lemma restricted_sum_fourier_expansion:
  fixes \<alpha> :: "nat \<Rightarrow> nat \<Rightarrow> real" and g :: "nat \<Rightarrow> int"
  assumes "d > 0"
  shows "of_real (\<Sum>s\<in>{s\<in>comp_families q (Suc K) i. \<forall>a<K. [int (\<Sum>t<q. s t a) = g a] (mod int d)}.
                    \<Prod>t<q. multP (Suc K) (i t) (s t) (\<alpha> t)) =
         (\<Sum>r\<in>PiE_dflt {..<K} 0 (\<lambda>_. {..<d}). cis2pi (- (\<Sum>a<K. real (r a) * of_int (g a)) / real d) *
            (\<Prod>t<q. (\<Sum>a<Suc K. of_real (\<alpha> t a) * cis2pi (real (r a) / real d)) ^ i t)) / of_nat d ^ K"
  (is "of_real (\<Sum>s\<in>{s\<in>?F. ?P s}. ?M s) = (\<Sum>r\<in>?R. ?c r * ?\<phi> r) / _")
proof -
  let ?e = "\<lambda>r s. cis2pi ((\<Sum>a<K. real (r a) * of_int (int (\<Sum>t<q. s t a) - g a)) / real d)"
  have fin: "finite ?F"
    by (simp add: comp_families_eq_PiE_dflt finite_weak_compositions finite_PiE_dflt)
  have "of_real (\<Sum>s\<in>{s\<in>?F. ?P s}. ?M s) = (\<Sum>s\<in>?F. of_real (?M s) * of_bool (?P s))"
    unfolding of_real_sum sum.inter_filter[OF fin] by (intro sum.cong refl) auto
  also have "\<dots> = (\<Sum>s\<in>?F. of_real (?M s) * ((\<Sum>r\<in>?R. ?e r s) / of_nat d ^ K))"
    by (simp add: of_bool_all_cong_eq_sum_cis2pi[OF assms])
  also have "\<dots> = (\<Sum>r\<in>?R. \<Sum>s\<in>?F. of_real (?M s) * ?e r s) / of_nat d ^ K"
    by (simp add: sum_distrib_left sum_divide_distrib sum.swap[of _ ?F])
  also have "\<dots> = (\<Sum>r\<in>?R. ?c r * ?\<phi> r) / of_nat d ^ K"
  proof (intro arg_cong[where f = "\<lambda>x. x / _"] sum.cong refl)
    fix r assume "r \<in> ?R"
    then have "r K = 0"
      by (simp add: PiE_dflt_def)
    then have "(\<Sum>s\<in>?F. of_real (?M s) * ?e r s) =
        ?c r * (\<Sum>s\<in>?F. \<Prod>t<q. of_real (multP (Suc K) (i t) (s t) (\<alpha> t)) *
                     (\<Prod>a<Suc K. cis2pi (real (r a) / real d) ^ s t a))"
      by (simp only: cis2pi_pairing) (simp add: sum_distrib_left prod.distrib mult_ac)
    then show "(\<Sum>s\<in>?F. of_real (?M s) * ?e r s) = ?c r * ?\<phi> r"
      by (simp only: sum_comp_families_multP)
  qed
  finally show ?thesis .
qed

lemma one_minus_cos_ge_sq:
  fixes y :: real
  assumes "0 \<le> y" "y \<le> pi"
  shows "y\<^sup>2 / 12 \<le> 1 - cos y"
proof -
  \<comment> \<open>The Taylor bound only covers \<open>[0, 2]\<close>; the half-angle formula extends it to \<open>[0, \<pi>]\<close>.\<close>
  have small: "z\<^sup>2 / 3 \<le> 1 - cos z" if "0 \<le> z" "z \<le> 2" for z :: real
  proof (cases "z = 0")
    case False
    with that have "z > 0" by simp
    from Maclaurin_cos_expansion2[OF this, of 4] obtain t where
      "cos z = (\<Sum>m<4. cos_coeff m * z ^ m) + cos (t + 1/2 * real 4 * pi) / fact 4 * z ^ 4"
      by auto
    moreover have "(\<Sum>m<4. cos_coeff m * z ^ m) = 1 - z\<^sup>2 / 2"
      by (simp add: lessThan_nat_numeral cos_coeff_def fact_numeral)
    moreover have "cos (t + 1/2 * real 4 * pi) / fact 4 * z ^ 4 \<le> z ^ 4 / 24"
      using mult_right_mono[OF cos_le_one, of "z ^ 4"] by (simp add: fact_numeral)
    moreover have "z ^ 4 \<le> 4 * z\<^sup>2"
    proof -
      have "z\<^sup>2 \<le> 2\<^sup>2"
        using that by (intro power_mono) auto
      then have "z\<^sup>2 * z\<^sup>2 \<le> 4 * z\<^sup>2"
        by (intro mult_right_mono) auto
      then show ?thesis
        by (simp add: power4_eq_xxxx power2_eq_square mult.assoc)
    qed
    ultimately show ?thesis
      by linarith
  qed simp
  define z where "z = y / 2"
  have z: "0 \<le> z" "z \<le> pi / 2"
    using assms by (auto simp: z_def)
  have "1 - cos y = 2 * (1 - cos z) * (1 + cos z)"
    using cos_double_cos[of z] by (simp add: z_def algebra_simps power2_eq_square)
  moreover have "(1 - cos z) * 1 \<le> (1 - cos z) * (2 * (1 + cos z))"
    using z cos_ge_zero[of z] by (intro mult_left_mono) auto
  moreover have "y\<^sup>2 / 12 = z\<^sup>2 / 3"
    by (simp add: z_def power2_eq_square)
  moreover have "z\<^sup>2 / 3 \<le> 1 - cos z"
    using z pi_half_less_two by (intro small) auto
  ultimately show ?thesis
    by (simp add: algebra_simps)
qed

lemma norm_two_point_le:
  fixes \<alpha> \<beta> :: real and w :: complex
  assumes "0 \<le> \<alpha>" "0 \<le> \<beta>" "\<alpha> + \<beta> \<le> 1" "norm w = 1"
  shows "norm (of_real \<alpha> * w + of_real \<beta>) \<le> \<alpha> + \<beta> - \<alpha> * \<beta> * (1 - Re w)"
proof -
  define p where "p = \<alpha> * \<beta> * (1 - Re w)"
  have Re_le: "\<bar>Re w\<bar> \<le> 1"
    using abs_Re_le_cmod[of w] assms(4) by simp
  have p_nonneg: "0 \<le> p"
    using assms(1,2) Re_le by (simp add: p_def)
  have "(norm (of_real \<alpha> * w + of_real \<beta>))\<^sup>2 = \<alpha>\<^sup>2 * ((Re w)\<^sup>2 + (Im w)\<^sup>2) + 2 * \<alpha> * \<beta> * Re w + \<beta>\<^sup>2"
    unfolding cmod_power2 by (simp add: algebra_simps power2_eq_square)
  also have "(Re w)\<^sup>2 + (Im w)\<^sup>2 = 1"
    using assms(4) cmod_power2[of w] by simp
  also have "\<alpha>\<^sup>2 * 1 + 2 * \<alpha> * \<beta> * Re w + \<beta>\<^sup>2 = (\<alpha> + \<beta> - p)\<^sup>2 - (2 * p * (1 - \<alpha> - \<beta>) + p\<^sup>2)"
    by (simp add: p_def algebra_simps power2_eq_square)
  also have "\<dots> \<le> (\<alpha> + \<beta> - p)\<^sup>2"
  proof -
    have "0 \<le> 2 * p * (1 - \<alpha> - \<beta>) + p\<^sup>2"
      using assms(3) p_nonneg by (intro add_nonneg_nonneg mult_nonneg_nonneg) auto
    then show ?thesis
      by linarith
  qed
  finally have "(norm (of_real \<alpha> * w + of_real \<beta>))\<^sup>2 \<le> (\<alpha> + \<beta> - p)\<^sup>2" .
  moreover have "0 \<le> \<alpha> + \<beta> - p"
  proof -
    have "p \<le> \<alpha> * \<beta> * 2"
      using assms(1,2) Re_le unfolding p_def by (intro mult_left_mono) auto
    also have "\<alpha> * \<beta> \<le> \<alpha>" "\<alpha> * \<beta> \<le> \<beta>"
      using assms by (auto intro: mult_right_le_one_le mult_left_le_one_le)
    then have "\<alpha> * \<beta> * 2 \<le> \<alpha> + \<beta>"
      by linarith
    finally show ?thesis
      by linarith
  qed
  ultimately have "norm (of_real \<alpha> * w + of_real \<beta>) \<le> \<alpha> + \<beta> - p"
    by (rule power2_le_imp_le)
  then show ?thesis
    by (simp add: p_def)
qed

lemma norm_convex_comb_unimodular_le:
  fixes \<alpha> :: "'a \<Rightarrow> real" and w :: "'a \<Rightarrow> complex"
  assumes "finite B" "a \<in> B" "b \<in> B" "a \<noteq> b"
    and nonneg: "\<And>x. x \<in> B \<Longrightarrow> 0 \<le> \<alpha> x" and sum_one: "(\<Sum>x\<in>B. \<alpha> x) = 1"
    and unimodular: "\<And>x. x \<in> B \<Longrightarrow> norm (w x) = 1" and "w b = 1"
    and "0 \<le> m" "m \<le> \<alpha> a" "m \<le> \<alpha> b"
  shows "norm (\<Sum>x\<in>B. of_real (\<alpha> x) * w x) \<le> 1 - m\<^sup>2 * (1 - Re (w a))"
proof -
  define B' where "B' = B - {a, b}"
  have split: "sum f B = f a + f b + sum f B'" for f :: "'a \<Rightarrow> 'z::comm_monoid_add"
    using assms(1-4) sum.remove[of B a f] sum.remove[of "B - {a}" b f]
    by (simp add: B'_def Diff_insert2[symmetric] add.assoc)
  have rest: "norm (\<Sum>x\<in>B'. of_real (\<alpha> x) * w x) \<le> (\<Sum>x\<in>B'. \<alpha> x)"
    using norm_sum[of "\<lambda>x. of_real (\<alpha> x) * w x" B']
    by (simp add: B'_def norm_mult nonneg unimodular)
  have rest_nonneg: "0 \<le> (\<Sum>x\<in>B'. \<alpha> x)"
    by (intro sum_nonneg) (simp add: B'_def nonneg)
  have two: "norm (of_real (\<alpha> a) * w a + of_real (\<alpha> b)) \<le> \<alpha> a + \<alpha> b - \<alpha> a * \<alpha> b * (1 - Re (w a))"
    using assms rest_nonneg split[of \<alpha>] by (intro norm_two_point_le) auto
  have "m\<^sup>2 * (1 - Re (w a)) \<le> \<alpha> a * \<alpha> b * (1 - Re (w a))"
  proof (rule mult_right_mono)
    show "m\<^sup>2 \<le> \<alpha> a * \<alpha> b"
      using assms by (simp add: power2_eq_square mult_mono)
    show "0 \<le> 1 - Re (w a)"
      using complex_Re_le_cmod[of "w a"] unimodular assms(2) by auto
  qed
  moreover have "norm (\<Sum>x\<in>B. of_real (\<alpha> x) * w x) \<le>
      norm (of_real (\<alpha> a) * w a + of_real (\<alpha> b)) + norm (\<Sum>x\<in>B'. of_real (\<alpha> x) * w x)"
    using split[of "\<lambda>x. of_real (\<alpha> x) * w x"] \<open>w b = 1\<close> norm_triangle_ineq by simp
  ultimately show ?thesis
    using two rest split[of \<alpha>] sum_one by linarith
qed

§ Task statement
Using the data above, transcribe the lines that run from the line with "by (simp add: comp_families_eq_PiE_dflt" to the line with "from Maclaurin_cos_expansion2[OF this, of", both ends kept, and output nothing else.

§ Answer to this problem
    by (simp add: comp_families_eq_PiE_dflt finite_weak_compositions finite_PiE_dflt)
  have "of_real (\<Sum>s\<in>{s\<in>?F. ?P s}. ?M s) = (\<Sum>s\<in>?F. of_real (?M s) * of_bool (?P s))"
    unfolding of_real_sum sum.inter_filter[OF fin] by (intro sum.cong refl) auto
  also have "\<dots> = (\<Sum>s\<in>?F. of_real (?M s) * ((\<Sum>r\<in>?R. ?e r s) / of_nat d ^ K))"
    by (simp add: of_bool_all_cong_eq_sum_cis2pi[OF assms])
  also have "\<dots> = (\<Sum>r\<in>?R. \<Sum>s\<in>?F. of_real (?M s) * ?e r s) / of_nat d ^ K"
    by (simp add: sum_distrib_left sum_divide_distrib sum.swap[of _ ?F])
  also have "\<dots> = (\<Sum>r\<in>?R. ?c r * ?\<phi> r) / of_nat d ^ K"
  proof (intro arg_cong[where f = "\<lambda>x. x / _"] sum.cong refl)
    fix r assume "r \<in> ?R"
    then have "r K = 0"
      by (simp add: PiE_dflt_def)
    then have "(\<Sum>s\<in>?F. of_real (?M s) * ?e r s) =
        ?c r * (\<Sum>s\<in>?F. \<Prod>t<q. of_real (multP (Suc K) (i t) (s t) (\<alpha> t)) *
                     (\<Prod>a<Suc K. cis2pi (real (r a) / real d) ^ s t a))"
      by (simp only: cis2pi_pairing) (simp add: sum_distrib_left prod.distrib mult_ac)
    then show "(\<Sum>s\<in>?F. of_real (?M s) * ?e r s) = ?c r * ?\<phi> r"
      by (simp only: sum_comp_families_multP)
  qed
  finally show ?thesis .
qed

lemma one_minus_cos_ge_sq:
  fixes y :: real
  assumes "0 \<le> y" "y \<le> pi"
  shows "y\<^sup>2 / 12 \<le> 1 - cos y"
proof -
  \<comment> \<open>The Taylor bound only covers \<open>[0, 2]\<close>; the half-angle formula extends it to \<open>[0, \<pi>]\<close>.\<close>
  have small: "z\<^sup>2 / 3 \<le> 1 - cos z" if "0 \<le> z" "z \<le> 2" for z :: real
  proof (cases "z = 0")
    case False
    with that have "z > 0" by simp
    from Maclaurin_cos_expansion2[OF this, of 4] obtain t where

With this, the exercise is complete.